Thursday, February 19, 2009

Isaac "Thomas" Garrett

[I have since discovered that his correct first name was Isaiah not Isaac. He used the name Tom. -BAllen]

One of the greatest friends of the Mormon church in Cane Creek who was not a member was Isaac Isaiah Thomas Garrett. Tom, as he was called by his friends, was the first to invite the missionaries to Cane Creek. He met the missionaries in Hickman County and asked them to visit him at his home. He would house and feed the missionaries frequently. It does not appear that he ever joined the church.

Three of the missionaries stayed at his house the night before the massacre. And on the day of the massacre it is likely he was still at his home, though he did help one of the surviving missionaries escape to Shady Grove. He met B. H. Roberts on his trip in disguise to retrieve the bodies of Gibbs and Berry. And it was to Tom only the Roberts revealed his true identity.

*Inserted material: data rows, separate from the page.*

lemma delay_operator_exp_profile:
  fixes L :: "(real \<Rightarrow> real^'n) \<Rightarrow> real^'n"
  assumes "delay_operator tau L" "tau > 0"
  obtains C where
    "\<And>f y j. 1-lipschitz_on UNIV (f :: real \<Rightarrow> real) \<Longrightarrow> (\<And>x. \<bar>f x\<bar> \<le> 1) \<Longrightarrow>
       norm (L (exp_profile b f y j)) \<le> C"
    "\<And>f y y' j. 1-lipschitz_on UNIV (f :: real \<Rightarrow> real) \<Longrightarrow>
       norm (L (exp_profile b f y j) - L (exp_profile b f y' j)) \<le> C * \<bar>y - y'\<bar>"
proof -
  obtain C where C0: "C \<ge> 0" and C: "\<And>\<phi> a. continuous_on {-tau..0} \<phi> \<Longrightarrow>
      (\<And>\<theta>. \<theta> \<in> {-tau..0} \<Longrightarrow> norm (\<phi> \<theta>) \<le> a) \<Longrightarrow> norm (L \<phi>) \<le> C * a"
    using delay_operator_norm_le[OF assms] by blast
  define E where "E = exp (\<bar>b\<bar> * tau)"
  have E0: "E > 0" unfolding E_def by simp
  have cont: "continuous_on {-tau..0} (exp_profile b f y j)" if "1-lipschitz_on UNIV f" for f y j
    using continuous_on_exp_profile[OF lipschitz_on_continuous_on[OF that]] .
  show ?thesis
  proof (rule that[of "C * E * (1 + tau)"])
    fix f :: "real \<Rightarrow> real" and y j
    assume f: "1-lipschitz_on UNIV f" and f_bound: "\<And>x. \<bar>f x\<bar> \<le> 1"
    have "norm (L (exp_profile b f y j)) \<le> C * E"
      unfolding E_def by (rule C[OF cont[OF f] norm_exp_profile_le[OF f_bound]])
    then show "norm (L (exp_profile b f y j)) \<le> C * E * (1 + tau)"
      using mult_left_mono[of 1 "1 + tau" "C * E"] C0 E0 assms(2) by simp
  next
    fix f :: "real \<Rightarrow> real" and y y' j assume f: "1-lipschitz_on UNIV f"
    have "norm (L (\<lambda>\<theta>. exp_profile b f y j \<theta> - exp_profile b f y' j \<theta>)) \<le> C * (E * tau * \<bar>y - y'\<bar>)"
      unfolding E_def
      by (rule C[OF continuous_on_diff[OF cont[OF f] cont[OF f]] norm_exp_profile_diff_le[OF f]])
    then have "norm (L (exp_profile b f y j) - L (exp_profile b f y' j)) \<le> C * E * tau * \<bar>y - y'\<bar>"
      using delay_operator_diff[OF assms(1) cont[OF f] cont[OF f]] by (simp add: mult.assoc)
    then show "norm (L (exp_profile b f y j) - L (exp_profile b f y' j)) \<le> C * E * (1 + tau) * \<bar>y - y'\<bar>"
      using mult_left_mono[of tau "1 + tau" "C * E * \<bar>y - y'\<bar>"] C0 E0 by (simp add: mult_ac)
  qed
qed

lemma charM_line_entry:
  "charM L (Complex b y) $ k $ j = Complex (L (exp_profile b cos y j) $ k) (L (exp_profile b sin y j) $ k)"
proof -
  have "Complex b y * complex_of_real \<theta> = Complex (b * \<theta>) (y * \<theta>)" for \<theta>
    by (simp add: complex_eq_iff)
  then show ?thesis
    unfolding charM_def exp_profile_def by (simp only: Re_exp Im_exp complex.sel vec_lambda_beta)
qed

lemma charM_line_bounded_continuous:
  fixes L :: "(real \<Rightarrow> real^'n) \<Rightarrow> real^'n"
  assumes "delay_operator tau L" "tau > 0"
  obtains K where "K \<ge> 0" "\<And>s x. Re s = b \<Longrightarrow> norm (charM L s *v x) \<le> K * norm x"
    "\<And>k j. continuous_on UNIV (\<lambda>y. charM L (Complex b y) $ k $ j)"
proof (rule delay_operator_exp_profile[OF assms, where b = b])
  fix C
  assume bound: "\<And>f y j. 1-lipschitz_on UNIV (f :: real \<Rightarrow> real) \<Longrightarrow> (\<And>x. \<bar>f x\<bar> \<le> 1) \<Longrightarrow>
       norm (L (exp_profile b f y j)) \<le> C"
    and lipschitz: "\<And>f y y' j. 1-lipschitz_on UNIV (f :: real \<Rightarrow> real) \<Longrightarrow>
       norm (L (exp_profile b f y j) - L (exp_profile b f y' j)) \<le> C * \<bar>y - y'\<bar>"
  have entry_le: "cmod (charM L (Complex b y) $ k $ j) \<le> 2 * C" for y k j
  proof -
    have "norm (L (exp_profile b cos y j)) \<le> C"
      by (rule bound) (rule lipschitz_on_cos, rule abs_cos_le_one)
    moreover have "norm (L (exp_profile b sin y j)) \<le> C"
      by (rule bound) (rule lipschitz_on_sin, rule abs_sin_le_one)
    ultimately show ?thesis
      unfolding charM_line_entry
      using cmod_Complex_components_le[of "L (exp_profile b cos y j)" k "L (exp_profile b sin y j)"]
      by linarith
  qed
  have C0: "0 \<le> 2 * C" using order_trans[OF norm_ge_zero entry_le] .
  have entry_lipschitz: "(2 * C)-lipschitz_on UNIV (\<lambda>y. charM L (Complex b y) $ k $ j)" for k j
  proof (rule lipschitz_onI[OF _ C0])
    fix y y' :: real
    have "dist (charM L (Complex b y) $ k $ j) (charM L (Complex b y') $ k $ j)
      = cmod (Complex ((L (exp_profile b cos y j) - L (exp_profile b cos y' j)) $ k)
                      ((L (exp_profile b sin y j) - L (exp_profile b sin y' j)) $ k))"
      unfolding charM_line_entry dist_norm complex_diff by simp
    also have "\<dots> \<le> norm (L (exp_profile b cos y j) - L (exp_profile b cos y' j))
                  + norm (L (exp_profile b sin y j) - L (exp_profile b sin y' j))"
      by (rule cmod_Complex_components_le)
    also have "\<dots> \<le> C * \<bar>y - y'\<bar> + C * \<bar>y - y'\<bar>"
      by (intro add_mono lipschitz lipschitz_on_cos lipschitz_on_sin)
    finally show "dist (charM L (Complex b y) $ k $ j) (charM L (Complex b y') $ k $ j) \<le> 2 * C * dist y y'"
      by (simp add: dist_real_def)
  qed
  have "norm (charM L s *v x) \<le> real CARD('n) * real CARD('n) * (2 * C) * norm x" if "Re s = b" for s x
    using norm_matrix_vector_mult_le[OF entry_le, of "Im s"] that complex.collapse[of s] by simp
  moreover have "0 \<le> real CARD('n) * real CARD('n) * (2 * C)" using C0 by simp
  ultimately show thesis
    using that lipschitz_on_continuous_on[OF entry_lipschitz] by blast
qed

section \<open>Uniform lower bound for \<open>\<Delta>\<^sub>\<epsilon>\<close>\<close>

lemma small_eps_exists:
  fixes b eps0 :: real
  assumes "0 < eps0"
  obtains e where "0 < e" "e \<le> eps0" "e^2 * b \<le> 1/2"
proof -
  define e where "e = min (min eps0 1) (1 / (2 * \<bar>b\<bar> + 2))"
  have e: "0 < e" "e \<le> eps0" "e \<le> 1" unfolding e_def using assms by auto
  have "e^2 \<le> e" using mult_left_mono[OF e(3), of e] e(1) by (simp add: power2_eq_square)
  have "e^2 * b \<le> e^2 * \<bar>b\<bar>" by (intro mult_left_mono) auto
  also have "\<dots> \<le> e * \<bar>b\<bar>" using \<open>e^2 \<le> e\<close> by (intro mult_right_mono) auto
  also have "\<dots> \<le> 1 / (2 * \<bar>b\<bar> + 2) * \<bar>b\<bar>"
    unfolding e_def by (intro mult_right_mono) auto
  also have "\<dots> \<le> 1/2" by (simp add: field_simps)
  finally show ?thesis using e that by blast
qed

lemma norm_eps_sq_mult_minus_one_ge:
  assumes "0 \<le> eps" "eps \<le> e" "e^2 * Re s \<le> 1/2"
  shows "1/2 \<le> cmod (of_real eps^2 * s - 1)"
proof -
  have "eps^2 * Re s \<le> 1/2"
  proof (cases "Re s \<le> 0")
    case False
    have "eps^2 \<le> e^2" using assms(1,2) by (intro power_mono)
    then have "eps^2 * Re s \<le> e^2 * Re s" using False by (intro mult_right_mono) auto
    then show ?thesis using assms(3) by linarith
  next
    case True
    then have "eps^2 * Re s \<le> 0" by (simp add: mult_nonneg_nonpos)
    then show ?thesis by simp
  qed
  then have "1/2 \<le> \<bar>Re (of_real eps^2 * s - 1)\<bar>"
    by (simp flip: of_real_power)
  also have "\<dots> \<le> cmod (of_real eps^2 * s - 1)" by (rule abs_Re_le_cmod)
  finally show ?thesis .
qed

lemma norm_Delta_scalar:
  "cmod (of_real eps^2 * s^2 - s) = cmod s * cmod (of_real eps^2 * s - 1)"
  unfolding norm_mult[symmetric] by (simp add: algebra_simps power2_eq_square)

lemma Delta_mult_vec: "Delta L eps s *v x = (of_real eps^2 * s^2 - s) *s x + charM L s *v x"
proof -
  have "(if P then c else 0) * z = (if P then c * z else 0)" for P and c z :: complex by simp
  then show ?thesis
    by (simp add: vec_eq_iff matrix_vector_mult_def vector_scalar_mult_def Delta_def
        distrib_right sum.distrib)
qed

According to B. H. Roberts and W. L. Pinkerton he leaves Cane Creek after the massacre for Woburn, Illinois. Isaac’s grand father, Willis Dodson, moved there some 50 years earlier, so Isaac may have had family there. His family is described as a wife (Marthey J.) and a daughter (Elizabeth C.). Mrs Garrett had a half brother, William Lankford, who was a doctor. The Lankfords lived in the same census district as the Garretts.

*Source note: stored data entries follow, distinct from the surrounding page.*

lemma integral_indicator_sample:
  assumes j: "1 \<le> j" and Y: "Y \<in> borel_measurable (history j)" "Y \<in> borel_measurable M" "integrable M Y"
  shows "(\<integral>\<omega>. indicator {x} (X j \<omega>) * Y \<omega> \<partial>M) = prob {\<omega>\<in>space M. X j \<omega> = x} * (\<integral>\<omega>. Y \<omega> \<partial>M)"
proof -
  have "integrable M (\<lambda>\<omega>. indicator {x} (X j \<omega>) :: real)"
    using X_rv j
    by (intro finite_measure.integrable_const_bound[OF finite_measure_axioms, where B=1])
       (auto intro: measurable_compose[of _ _ "count_space UNIV"])
  with indep_var_indicator_history[OF j Y(1,2)]
  have "(\<integral>\<omega>. indicator {x} (X j \<omega>) * Y \<omega> \<partial>M) = (\<integral>\<omega>. indicator {x} (X j \<omega>) \<partial>M) * (\<integral>\<omega>. Y \<omega> \<partial>M)"
    using Y(3) by (intro indep_var_lebesgue_integral)
  also have "(\<integral>\<omega>. indicator {x} (X j \<omega>) \<partial>M) = (\<integral>\<omega>. indicator {\<omega>\<in>space M. X j \<omega> = x} \<omega> \<partial>M)"
    by (rule Bochner_Integration.integral_cong) (auto simp: indicator_def)
  also have "\<dots> = prob {\<omega>\<in>space M. X j \<omega> = x}" by (simp add: Int_absorb2 subset_iff)
  finally show ?thesis .
qed

lemma prob_sample: "1 \<le> j \<Longrightarrow> prob {\<omega>\<in>space M. X j \<omega> = x} = sample_weight pol P rho x"
  using X_dist by (cases x) (auto simp: sample_weight_def)

text \<open>X j is independent of the history j, so it can be averaged out against its distribution.\<close>
lemma integral_fresh_sample:
  assumes j: "1 \<le> j"
    and Y: "\<And>x. Y x \<in> borel_measurable (history j)" "\<And>x. Y x \<in> borel_measurable M"
      "\<And>x. integrable M (Y x)"
  shows "(\<integral>\<omega>. Y (X j \<omega>) \<omega> \<partial>M) = (\<integral>\<omega>. (\<Sum>x\<in>UNIV. sample_weight pol P rho x * Y x \<omega>) \<partial>M)"
proof -
  have Xj: "X j \<in> measurable M (count_space UNIV)" using X_rv j by simp
  have split_sample: "Y (X j \<omega>) \<omega> = (\<Sum>x\<in>UNIV. indicator {x} (X j \<omega>) * Y x \<omega>)" for \<omega>
  proof -
    have "(\<Sum>x\<in>UNIV. indicator {x} (X j \<omega>) * Y x \<omega>) = (\<Sum>x\<in>UNIV. if X j \<omega> = x then Y x \<omega> else 0)"
      by (rule sum.cong) (auto simp: indicator_def)
    then show ?thesis by simp
  qed
  have "integrable M (\<lambda>\<omega>. indicator {x} (X j \<omega>) * Y x \<omega>)" for x
  proof (rule Bochner_Integration.integrable_bound[OF Y(3)[of x]])
    show "(\<lambda>\<omega>. indicator {x} (X j \<omega>) * Y x \<omega>) \<in> borel_measurable M"
      using Y(2) measurable_compose[OF Xj, of "indicator {x}" borel] by measurable
  qed (simp add: indicator_def)
  then have "(\<integral>\<omega>. Y (X j \<omega>) \<omega> \<partial>M) = (\<Sum>x\<in>UNIV. (\<integral>\<omega>. indicator {x} (X j \<omega>) * Y x \<omega> \<partial>M))"
    unfolding split_sample by (rule Bochner_Integration.integral_sum)
  also have "\<dots> = (\<Sum>x\<in>UNIV. sample_weight pol P rho x * (\<integral>\<omega>. Y x \<omega> \<partial>M))"
    using j Y by (simp add: integral_indicator_sample prob_sample)
  also have "\<dots> = (\<integral>\<omega>. (\<Sum>x\<in>UNIV. sample_weight pol P rho x * Y x \<omega>) \<partial>M)"
    using Y(3) by (simp add: Bochner_Integration.integral_sum)
  finally show ?thesis .
qed

lemma expected_sampled_error:
  "(\<Sum>x\<in>UNIV. sample_weight pol P rho x *\<^sub>R (v - theta_opt + gamma *\<^sub>R td_update r beta phi x v))
     = mean_step (v - theta_opt)"
proof -
  have "(\<Sum>x\<in>UNIV. sample_weight pol P rho x *\<^sub>R (v - theta_opt + gamma *\<^sub>R td_update r beta phi x v))
      = (\<Sum>x\<in>UNIV. sample_weight pol P rho x) *\<^sub>R (v - theta_opt)
        + gamma *\<^sub>R (\<Sum>x\<in>UNIV. sample_weight pol P rho x *\<^sub>R td_update r beta phi x v)"
    by (simp add: scaleR_add_right sum.distrib scaleR_sum_left scaleR_sum_right mult.commute)
  also have "\<dots> = mean_step (v - theta_opt)"
    unfolding sample_weight_sum expected_td_update_theta_star[OF mu_pos] mean_step_def by simp
  finally show ?thesis .
qed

Isaac Tom was the son of Mr. Garrett (I can't find his first name) & Candice Dodson. Born around 1828 in what is now Lewis County Tennessee. His only child was called Lizzie. Lizzie may have joined the church, but I have no real evidence of this except a reference to a smart young woman joining the church whose father was a friend of the missionaries who never joined. This unidentified young woman was described as being very intelligent and Lizzie was a school teacher. Lizzie married Dr. W. G. Baker. She and her husband went with her father to Woburn, Illinois.

At Woburn the trail runs cold. By the 1900 census, Tom disappears, probably having died from old age. Without the 1890 census, we cannot tell where he went. Although I have not made an exhaustive search, for now what happened to Tom Garrett after he left Tennessee remains a mystery.